__Stored data entries__:
◆ ◆ ◆
(* Let $d\ge 3$, $m=d$, $\lambda>0$, $w_\star,v\in\mathbb{S}^{d-1}$ with $v^\top w_\star=0$, $Q=I_d+\lambda vv^\top$, $P_\perp=I_d-w_\star w_\star^\top-vv^\top$. Let $\mathcal L(W)=\mathbb{E}\big(y-\sum_{j=1}^m(w_j^\top x)^2\big)^2$ with $x\sim\mathcal N(0,Q)$, $y=(x^\top w_\star)^2+\nu$, $\nu\sim\mathcal N(0,\sigma^2)$ independent of $x$. Consider the spectral gradient flow $\dot W(t)=-\mathrm{polar}(\nabla_W\mathcal L(W(t)))$ and suppose $M(t):=W(t)W(t)^\top=a(t)\,w_\star w_\star^\top+b(t)\,vv^\top+c(t)\,P_\perp$ with $a,b,c\ge 0$. Let $r:=a+(1+\lambda)b+(d-2)c$ and \[ g_{w_\star}=8(a-1)+4(r-1),\quad g_v=8(1+\lambda)^2 b+4(1+\lambda)(r-1),\quad g_\perp=8c+4(r-1). \] Then \[ \dot a=-2\,\mathrm{sgn}(g_{w_\star})\sqrt a,\qquad \dot b=-2\,\mathrm{sgn}(g_v)\sqrt b,\qquad \dot c=-2\,\mathrm{sgn}(g_\perp)\sqrt c, \] with the convention $\mathrm{sgn}(0)=0$. Equivalently, with $\alpha=\sqrt a$, $\beta=\sqrt b$, $\gamma=\sqrt c$: $\dot\alpha=-\mathrm{sgn}(g_{w_\star})$, $\dot\beta=-\mathrm{sgn}(g_v)$, $\dot\gamma=-\mathrm{sgn}(g_\perp)$.
   Context: For a matrix $A$, $\mathrm{polar}(A):=A(A^\top A)^{-1/2}$ with $(\cdot)^{-1/2}$ in the Moore–Penrose sense. *)

theory Defs
  imports "HOL-Analysis.Analysis" "HOL-Probability.Probability"
begin

definition outer :: "real^'n \<Rightarrow> real^'n \<Rightarrow> real^'n^'n" where
  "outer u v = (\<chi> i j. u $ i * v $ j)"

definition psd :: "real^'n^'n \<Rightarrow> bool" where
  "psd S \<longleftrightarrow> transpose S = S \<and> (\<forall>x. 0 \<le> x \<bullet> (S *v x))"

definition psd_sqrt :: "real^'n^'n \<Rightarrow> real^'n^'n" where
  "psd_sqrt S = (THE R. psd R \<and> R ** R = S)"

definition pinv :: "real^'n^'n \<Rightarrow> real^'n^'n" where
  "pinv A = (THE X. A ** X ** A = A \<and> X ** A ** X = X \<and>
                    transpose (A ** X) = A ** X \<and> transpose (X ** A) = X ** A)"

definition polar :: "real^'m^'n \<Rightarrow> real^'m^'n" where
  "polar A = A ** pinv (psd_sqrt (transpose A ** A))"

definition grad :: "('a::real_inner \<Rightarrow> real) \<Rightarrow> 'a \<Rightarrow> 'a" where
  "grad f x = (THE G. (f has_derivative (\<lambda>h. G \<bullet> h)) (at x))"

text \<open>Population loss: x = Q^{1/2} z with z standard Gaussian on R^d (so x ~ N(0,Q)),
  noise nu = sigma * s with s standard Gaussian independent of z (so nu ~ N(0,sigma^2)),
  y = (x^T w_star)^2 + nu, prediction sum_j (w_j^T x)^2 over the columns w_j of W.\<close>
definition pop_loss :: "real \<Rightarrow> real^'n^'n \<Rightarrow> real^'n \<Rightarrow> real^'m^'n \<Rightarrow> real" where
  "pop_loss \<sigma> Q wstar W =
     (\<integral>z. (\<Prod>i\<in>UNIV. std_normal_density (z $ i)) *
        (\<integral>s. std_normal_density s *
            (((psd_sqrt Q *v z) \<bullet> wstar)\<^sup>2 + \<sigma> * s
              - (\<Sum>j\<in>UNIV. (column j W \<bullet> (psd_sqrt Q *v z))\<^sup>2))\<^sup>2 \<partial>lborel) \<partial>lborel)"

end

(*
  With S = Q^(1/2) and K = S w* w*^T S - S W W^T S, Isserlis' formula for Gaussian fourth
  moments gives the closed form L(W) = (tr K)^2 + 2 |K|_F^2 + sigma^2, hence
  grad L(W) = -4 (tr K) S^2 W - 8 S K S W.  When W W^T and Q are both diagonal in the
  orthogonal frame w*, v, {w*, v}^perp, so is K, and the gradient is D W with
  D = diag(g_w, g_v, g_perp) in that frame.  If mu and g are the eigenvalues of W W^T and D
  on a frame direction, then W^T diag(|g| / sqrt mu) W is the PSD square root of
  (D W)^T (D W) and W^T diag(1 / (|g| mu sqrt mu)) W its pseudo-inverse, so
  polar(D W) = diag(sgn g / sqrt mu) W.  For a unit vector e of the frame this gives
  d/dt e^T W W^T e = -2 (sgn g / sqrt mu) mu = -2 sgn g sqrt mu.
*)
theory Submission
  imports Defs
begin

lemma matrix_add_rdistrib: "(B + C) ** A = B ** A + C ** A"
  by (vector matrix_matrix_mult_def sum.distrib[symmetric] field_simps)

lemma matrix_diff_ldistrib: "A ** (B - C) = A ** B - A ** (C :: 'a::ring_1^_^_)"
  by (vector matrix_matrix_mult_def sum_subtractf[symmetric] field_simps)

lemma matrix_diff_rdistrib: "(B - C) ** A = B ** A - C ** (A :: 'a::ring_1^_^_)"
  by (vector matrix_matrix_mult_def sum_subtractf[symmetric] field_simps)

lemma transpose_diff: "transpose (X - Y) = transpose X - transpose (Y :: real^'m^'n)"
  by (simp add: transpose_def vec_eq_iff)

lemma transpose_uminus: "transpose (- X) = - transpose (X :: real^'m^'n)"
  by (simp add: transpose_def vec_eq_iff)

lemma trace_uminus: "trace (- (A :: real^'n^'n)) = - trace A"
  by (simp add: trace_def sum_negf)

lemma trace_scaleR: "trace (k *\<^sub>R (A :: real^'n^'n)) = k * trace A"
  by (simp add: trace_def sum_distrib_left)

lemma trace_outer_self: "trace (outer u u) = u \<bullet> u"
  by (simp add: trace_def outer_def inner_vec_def)

lemma outer_mult_vector: "outer u u' *v x = (u' \<bullet> x) *\<^sub>R u"
  by (simp add: vec_eq_iff outer_def matrix_vector_mult_def inner_vec_def sum_distrib_left mult_ac)

lemma transpose_outer: "transpose (outer u u') = outer u' u"
  by (simp add: vec_eq_iff outer_def transpose_def mult.commute)

lemma inner_matrix_vector_transpose:
  fixes A :: "real^'m^'n" shows "x \<bullet> (A *v y) = (transpose A *v x) \<bullet> y"
  by (simp add: dot_lmul_matrix)

lemma inner_matrix_vector_sym:
  fixes R :: "real^'n^'n" assumes "transpose R = R" shows "x \<bullet> (R *v y) = (R *v x) \<bullet> y"
  using inner_matrix_vector_transpose[of x R y] assms by simp

lemma matrix_axis_component: "(A *v axis i 1) $ j = (A $ j $ i :: real)"
  by (simp add: matrix_vector_mult_def axis_def if_distrib if_distribR cong: if_cong)

lemma matrix_eq_0_if_axis:
  fixes A :: "real^'n^'m" assumes "\<And>i. A *v axis i 1 = 0" shows "A = 0"
proof -
  have "A $ j $ i = 0" for i j
    by (metis assms matrix_axis_component zero_index)
  then show ?thesis by (simp add: vec_eq_iff)
qed

lemma matrix_mult_transpose_self_eq_0:
  fixes X :: "real^'m^'n" assumes "X ** transpose X = 0" shows "X = 0"
proof -
  have "(\<Sum>k\<in>UNIV. (X$i$k)\<^sup>2) = 0" for i
  proof -
    have "(X ** transpose X) $ i $ i = (\<Sum>k\<in>UNIV. (X$i$k)\<^sup>2)"
      by (simp add: matrix_matrix_mult_def transpose_def power2_eq_square)
    then show ?thesis using assms by simp
  qed
  then show ?thesis by (simp add: sum_nonneg_eq_0_iff vec_eq_iff)
qed

lemma transpose_sandwich:
  fixes W :: "real^'m^'n" assumes "transpose D = D"
  shows "transpose (transpose W ** D ** W) = transpose W ** D ** W"
  using assms by (simp add: matrix_transpose_mul matrix_mul_assoc)

lemma sandwich_eq_0_imp_mult_eq_0:
  fixes E :: "real^'n^'n" and W :: "real^'m^'n"
  assumes "transpose E = E" "E ** (W ** transpose W) ** E = 0" shows "E ** W = 0"
proof -
  have "(E ** W) ** transpose (E ** W) = E ** (W ** transpose W) ** E"
    using assms(1) by (simp add: matrix_transpose_mul matrix_mul_assoc)
  then show ?thesis using assms(2) matrix_mult_transpose_self_eq_0 by metis
qed

lemma trace_sandwich_sym:
  fixes D R :: "real^'n^'n" assumes "transpose D = D"
  shows "trace (D ** R ** D) = (\<Sum>i\<in>UNIV. (D *v axis i 1) \<bullet> (R *v (D *v axis i 1)))"
proof -
  have "(D ** R ** D) $ i $ i = (D *v axis i 1) \<bullet> (R *v (D *v axis i 1))" for i
  proof -
    have "(D ** R ** D) $ i $ i = axis i 1 \<bullet> (D *v (R *v (D *v axis i 1)))"
      by (simp add: inner_axis' matrix_axis_component matrix_vector_mul_assoc matrix_mul_assoc)
    then show ?thesis using inner_matrix_vector_sym[OF assms] by simp
  qed
  then show ?thesis by (simp add: trace_def)
qed

lemma inner_matrix_mult_right:
  fixes X :: "real^'k^'n" and Y :: "real^'m^'n" and Z :: "real^'k^'m"
  shows "X \<bullet> (Y ** Z) = (transpose Y ** X) \<bullet> Z"
proof -
  have "X \<bullet> (Y ** Z) = (\<Sum>i\<in>UNIV. \<Sum>l\<in>UNIV. \<Sum>j\<in>UNIV. X$i$l * Y$i$j * Z$j$l)"
    by (simp add: inner_vec_def matrix_matrix_mult_def sum_distrib_left mult_ac)
  also have "\<dots> = (\<Sum>i\<in>UNIV. \<Sum>j\<in>UNIV. \<Sum>l\<in>UNIV. X$i$l * Y$i$j * Z$j$l)"
    by (rule sum.cong[OF refl], rule sum.swap)
  also have "\<dots> = (\<Sum>j\<in>UNIV. \<Sum>i\<in>UNIV. \<Sum>l\<in>UNIV. X$i$l * Y$i$j * Z$j$l)"
    by (rule sum.swap)
  also have "\<dots> = (\<Sum>j\<in>UNIV. \<Sum>l\<in>UNIV. \<Sum>i\<in>UNIV. X$i$l * Y$i$j * Z$j$l)"
    by (rule sum.cong[OF refl], rule sum.swap)
  also have "\<dots> = (transpose Y ** X) \<bullet> Z"
    by (simp add: inner_vec_def matrix_matrix_mult_def transpose_def sum_distrib_right sum_distrib_left mult_ac)
  finally show ?thesis .
qed

lemma inner_transpose_transpose:
  fixes X Y :: "real^'m^'n" shows "transpose X \<bullet> transpose Y = X \<bullet> Y"
  by (simp add: inner_vec_def transpose_def) (rule sum.swap)

lemma inner_matrix_mult_left:
  fixes X :: "real^'k^'n" and Y :: "real^'m^'n" and Z :: "real^'k^'m"
  shows "X \<bullet> (Y ** Z) = (X ** transpose Z) \<bullet> Y"
proof -
  have "X \<bullet> (Y ** Z) = transpose X \<bullet> (transpose Z ** transpose Y)"
    by (simp add: inner_transpose_transpose flip: matrix_transpose_mul)
  also have "\<dots> = (Z ** transpose X) \<bullet> transpose Y"
    by (simp add: inner_matrix_mult_right)
  also have "\<dots> = (X ** transpose Z) \<bullet> Y"
    by (metis inner_transpose_transpose matrix_transpose_mul transpose_transpose)
  finally show ?thesis .
qed

lemma trace_eq_inner_mat_1: "trace (X :: real^'n^'n) = mat 1 \<bullet> X"
  by (simp add: trace_def inner_vec_def mat_def if_distrib if_distribR cong: if_cong)

section \<open>Uniqueness of the PSD square root and of the pseudo-inverse\<close>

lemma psd_quadratic_form_eq_0:
  fixes R :: "real^'n^'n"
  assumes "psd R" "y \<bullet> (R *v y) = 0" shows "R *v y = 0"
proof -
  have sym: "transpose R = R" and pos: "\<And>x. 0 \<le> x \<bullet> (R *v x)" using assms(1) psd_def by auto
  define z where "z = R *v y"
  define q where "q = z \<bullet> z"
  define c where "c = z \<bullet> (R *v z)"
  have "c \<ge> 0" using pos by (simp add: c_def)
  have "y \<bullet> (R *v z) = q" using inner_matrix_vector_sym[OF sym, of y z] by (simp add: q_def z_def)
  then have "(y + t *\<^sub>R z) \<bullet> (R *v (y + t *\<^sub>R z)) = 2 * t * q + t * t * c" for t
    using assms(2) by (simp add: matrix_vector_right_distrib matrix_vector_mult_scaleR inner_add_left
        inner_add_right c_def q_def z_def algebra_simps)
  then have "0 \<le> 2 * t * q + t * t * c" for t using pos by metis
  \<comment> \<open>at \<open>t = - q / (c + 1)\<close> this reads \<open>0 \<le> - q\<^sup>2 (c + 2) / (c + 1)\<^sup>2\<close>\<close>
  define t where "t = - q / (c + 1)"
  have "(c + 1) * (c + 1) * (2 * t * q + t * t * c) = - (q * q * (c + 2))"
  proof -
    have tc: "t * (c + 1) = - q" using \<open>c \<ge> 0\<close> by (simp add: t_def)
    have "(c + 1) * (c + 1) * (2 * t * q + t * t * c)
        = 2 * q * (c + 1) * (t * (c + 1)) + c * (t * (c + 1)) * (t * (c + 1))"
      by (simp add: algebra_simps)
    then show ?thesis unfolding tc by (simp add: algebra_simps)
  qed
  moreover have "0 \<le> (c + 1) * (c + 1) * (2 * t * q + t * t * c)"
    using \<open>0 \<le> 2 * t * q + t * t * c\<close> by simp
  ultimately have "q * q \<le> 0" using \<open>c \<ge> 0\<close> by (simp add: mult_le_0_iff)
  then have "q = 0" by (auto simp: mult_le_0_iff)
  then show ?thesis unfolding q_def z_def by simp
qed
◆ ◆ ◆
__EXERCISE INSTRUCTIONS__: Which lines above contain "imports"? Show each of them.

__ANSWER BELOW__:
  imports "HOL-Analysis.Analysis" "HOL-Probability.Probability"
  imports Defs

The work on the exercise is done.